In this repository I have made a front end using streamlit .Streamlit doesn’t provide the live capture feature itself, instead uses a third party API.
I have used streamlit-webrtc which helped to deal with real-time video streams.
Image captured from the webcam is sent to VideoTransformer function to detect the emotion.
Then this model was deployed on heroku and streamlit platform with the help of buildpack-apt which is necessary to deploy opencv model on heroku and streamlit.

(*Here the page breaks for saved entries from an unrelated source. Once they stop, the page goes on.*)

lemma card_good_words_Suc_alphabet:
  assumes "0 < m"
  shows "card (good_words (Suc m) l 0) = card (good_words m l 0) +
    (\<Sum>i\<in>{1..l}. card (good_words m (i - 1) 0) * card (good_words (Suc m) (l - i) 0))"
proof -
  have "good_words (Suc m) l 0 = good_words m l 0 \<union> {w \<in> isolated_words m l (\<lambda>_. True). m \<in> set w}"
    and "good_words m l 0 \<inter> {w \<in> isolated_words m l (\<lambda>_. True). m \<in> set w} = {}"
    by (auto simp: good_words_Suc_0 good_words_0_iff)
  then have "card (good_words (Suc m) l 0) =
      card (good_words m l 0) + card {w \<in> isolated_words m l (\<lambda>_. True). m \<in> set w}"
    by (simp add: card_Un_disjoint finite_good_words finite_isolated_words)
  then show ?thesis
    by (simp add: card_isolated_words_containing_top[OF assms] good_words_Suc_0 o_def)
qed

lemma card_good_words_1_0: "card (good_words (Suc 0) l 0) = (if l \<le> 1 then 1 else 0)"
proof -
  have "good_words (Suc 0) l 0 = (if l \<le> 1 then {replicate l 0} else {})"
  proof (cases "l \<le> 1")
    case True
    then show ?thesis
      by (auto simp: good_words_Suc_0 isolated_words_def le_Suc_eq length_Suc_conv)
  next
    case False
    then have "\<not> successively (\<lambda>x y. x \<noteq> 0 \<or> y \<noteq> 0) w"
      if "length w = l" "set w \<subseteq> {0 :: nat}" for w
      using that by (cases w rule: remdups_adj.cases) auto
    with False show ?thesis
      by (auto simp: good_words_Suc_0 isolated_words_def)
  qed
  then show ?thesis by simp
qed

lemma finv_eq_card_good_words: "0 < n \<Longrightarrow> finv m n = card (good_words (Suc m) (n - 1) 0)"
proof (induction m arbitrary: n)
  case 0
  then show ?case by (auto simp: finv.simps card_good_words_1_0)
next
  case (Suc m)
  from Suc.prems show ?case
  proof (induction n rule: less_induct)
    case (less n)
    have "finv (Suc m) n = finv m n + (\<Sum>i\<in>{1..n - 1}. finv m i * finv (Suc m) (n - i))"
      using less.prems by (subst finv_Suc) (simp_all add: atLeastLessThanSuc_atLeastAtMost[symmetric])
    also have "\<dots> = card (good_words (Suc m) (n - 1) 0) + (\<Sum>i\<in>{1..n - 1}.
        card (good_words (Suc m) (i - 1) 0) * card (good_words (Suc (Suc m)) (n - 1 - i) 0))"
    proof -
      have "finv (Suc m) (n - i) = card (good_words (Suc (Suc m)) (n - 1 - i) 0)"
        if "i \<in> {1..n - 1}" for i
      proof -
        have "n - i < n" "0 < n - i"
          using that less.prems by auto
        then show ?thesis
          using less.IH[of "n - i"] by (simp add: diff_commute)
      qed
      then show ?thesis
        using less.prems by (simp add: Suc.IH)
    qed
    also have "\<dots> = card (good_words (Suc (Suc m)) (n - 1) 0)"
      by (rule card_good_words_Suc_alphabet[symmetric]) simp
    finally show ?case .
  qed
qed

lemma cmat_Suc_0: "0 < n \<Longrightarrow> cmat f n (Suc 0) = f n"
proof -
  assume "0 < n"
  then have "cmat f n (Suc 0) = (\<Sum>i\<in>{1..n}. f i * (if n \<le> i then 1 else 0))"
    by simp
  also have "\<dots> = (\<Sum>i\<in>{1..n}. if i = n then f i else 0)"
    by (rule sum.cong) auto
  finally show ?thesis
    using \<open>0 < n\<close> by simp
qed

lemma cmat_finv_eq_card_good_words:
  assumes "0 < m" "0 < n"
  shows "cmat (finv (m - 1)) n (Suc j) = card (good_words m (n - 1) j)"
  using assms(2)
proof (induction j arbitrary: n)
  case 0
  then show ?case
    using assms(1) by (simp add: cmat_Suc_0 finv_eq_card_good_words del: cmat.simps)
next
  case (Suc j)
  show ?case
  proof (cases "Suc (Suc j) \<le> n")
    case True
    have "cmat (finv (m - 1)) n (Suc (Suc j)) =
        (\<Sum>i\<in>{1..n - Suc j}. card (good_words m (i - 1) 0) * card (good_words m (n - 1 - i) j))"
    proof -
      have "cmat (finv (m - 1)) (n - i) (Suc j) = card (good_words m (n - 1 - i) j)"
        if "i \<in> {1..n - Suc j}" for i
      proof -
        have "0 < n - i"
          using that True by auto
        then show ?thesis
          using Suc.IH[of "n - i"] by (simp add: diff_commute del: cmat.simps)
      qed
      then show ?thesis
        using True assms(1) by (subst cmat.simps) (simp add: finv_eq_card_good_words del: cmat.simps)
    qed
    also have "\<dots> = (\<Sum>i\<in>{1..n - 1}. card (good_words m (i - 1) 0) * card (good_words m (n - 1 - i) j))"
      by (rule sum.mono_neutral_left) (auto simp: good_words_empty)
    also have "\<dots> = card (good_words m (n - 1) (Suc j))"
      by (rule card_good_words_Suc[symmetric]) (rule assms(1))
    finally show ?thesis .
  next
    case False
    then show ?thesis by (simp add: good_words_empty)
  qed
qed

section \<open>Generating functions\<close>

lemma cmat_eq_0: "n < k \<Longrightarrow> cmat f n k = 0"
  by (cases k) auto

lemma fps_power_nth_cmat:
  assumes "f 0 = 0"
  shows "Abs_fps (\<lambda>n. of_nat (f n) :: 'a :: comm_semiring_1) ^ k $ n = of_nat (cmat f n k)"
proof (induction k arbitrary: n)
  case 0
  then show ?case by simp
next
  case (Suc k)
  have "Abs_fps (\<lambda>n. of_nat (f n) :: 'a) ^ Suc k $ n = (\<Sum>i=0..n. of_nat (f i * cmat f (n - i) k))"
    by (simp add: fps_mult_nth Suc.IH)
  also have "\<dots> = (\<Sum>i\<in>{1..n - k}. of_nat (f i * cmat f (n - i) k))"
    by (rule sum.mono_neutral_right) (use assms in \<open>auto simp: cmat_eq_0 not_less_eq_eq\<close>)
  also have "\<dots> = of_nat (cmat f n (Suc k))"
    by auto
  finally show ?case .
qed
(* Let $N_t,N_r,M$ be positive integers with $M>r:=N_t+N_r$, let ${\bf F}\in\mathbb{C}^{N_r\times M}$, ${\bf G}\in\mathbb{C}^{N_t\times M}$, ${\bf H}_d\in\mathbb{C}^{N_r\times N_t}$, and let $\boldsymbol{\Theta}\in\mathbb{C}^{M\times M}$ be unitary and symmetric ($\boldsymbol{\Theta}\boldsymbol{\Theta}^H={\bf I}_M$, $\boldsymbol{\Theta}=\boldsymbol{\Theta}^T$). Let ${\bf Z}=[{\bf F}^H\,|\,{\bf G}^T]\in\mathbb{C}^{M\times r}$ and let ${\bf U}_Z\in\mathbb{C}^{M\times k}$ have orthonormal columns forming a basis of the column space of ${\bf Z}$ ($k=\operatorname{rank}{\bf Z}\le r$). Define $\tilde{\boldsymbol{\Theta}}={\bf U}_Z^H\boldsymbol{\Theta}{\bf U}_Z^*$ and $\boldsymbol{\Theta}_{lr}={\bf U}_Z\tilde{\boldsymbol{\Theta}}{\bf U}_Z^T$. Then $\boldsymbol{\Theta}_{lr}$ is a symmetric matrix of rank at most $r$, $\tilde{\boldsymbol{\Theta}}$ is a symmetric matrix with $\tilde{\boldsymbol{\Theta}}\tilde{\boldsymbol{\Theta}}^H\preceq{\bf I}_k$, and (i) ${\bf F}\boldsymbol{\Theta}{\bf G}^H={\bf F}\boldsymbol{\Theta}_{lr}{\bf G}^H$, hence ${\bf H}_d+{\bf F}\boldsymbol{\Theta}{\bf G}^H={\bf H}_d+{\bf F}\boldsymbol{\Theta}_{lr}{\bf G}^H$; (ii) $\boldsymbol{\Theta}_{lr}\boldsymbol{\Theta}_{lr}^H\preceq{\bf I}_M$.
   Context: ${\bf A}^*$ is the entrywise conjugate, ${\bf A}^H$ the conjugate transpose; ${\bf X}\preceq{\bf Y}$ means ${\bf Y}-{\bf X}$ is positive semidefinite. $[{\bf A}\,|\,{\bf B}]$ denotes horizontal concatenation. *)

theory Defs
  imports "Jordan_Normal_Form.Matrix" "Jordan_Normal_Form.DL_Rank"
begin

Heroku Link:- https://face-emotion-almabetter.herokuapp.com/

Streamlit Link:- https://share.streamlit.io/avisikta-majumdar/capstone-project-face-emotion-recognition/main/app.py

[ N.B:- If the website didn’t open , then try refreshing (Ctrl+R) the page 2 to 3 times.]

Conclusion

● Our model is giving an accuracy of 84.9% and validation accuracy of 65.8%
● It is robust in that it works well even in a dim light environment.
● The application is able to detect face location and predict the right expression while checking it on a local webcam.
● The front-end of the model was made using streamlit for webapp and running well on local webapp link.
● After we successfully created our model, we deployed it the Heroku and Streamlit Cloud , that runs on a web server.
● And we believe that through this model teachers can understand the students' perception during online classes and change the way of teaching if needed by understanding the students’ motive.

Some Real Life Learning from thing amazing project

• Never Give Up. • Update yourself from your Failures. • A Scientist needs to overcome the failures. • Try existing all methods to reach the goal. • Have Patience and Good things take time to happen.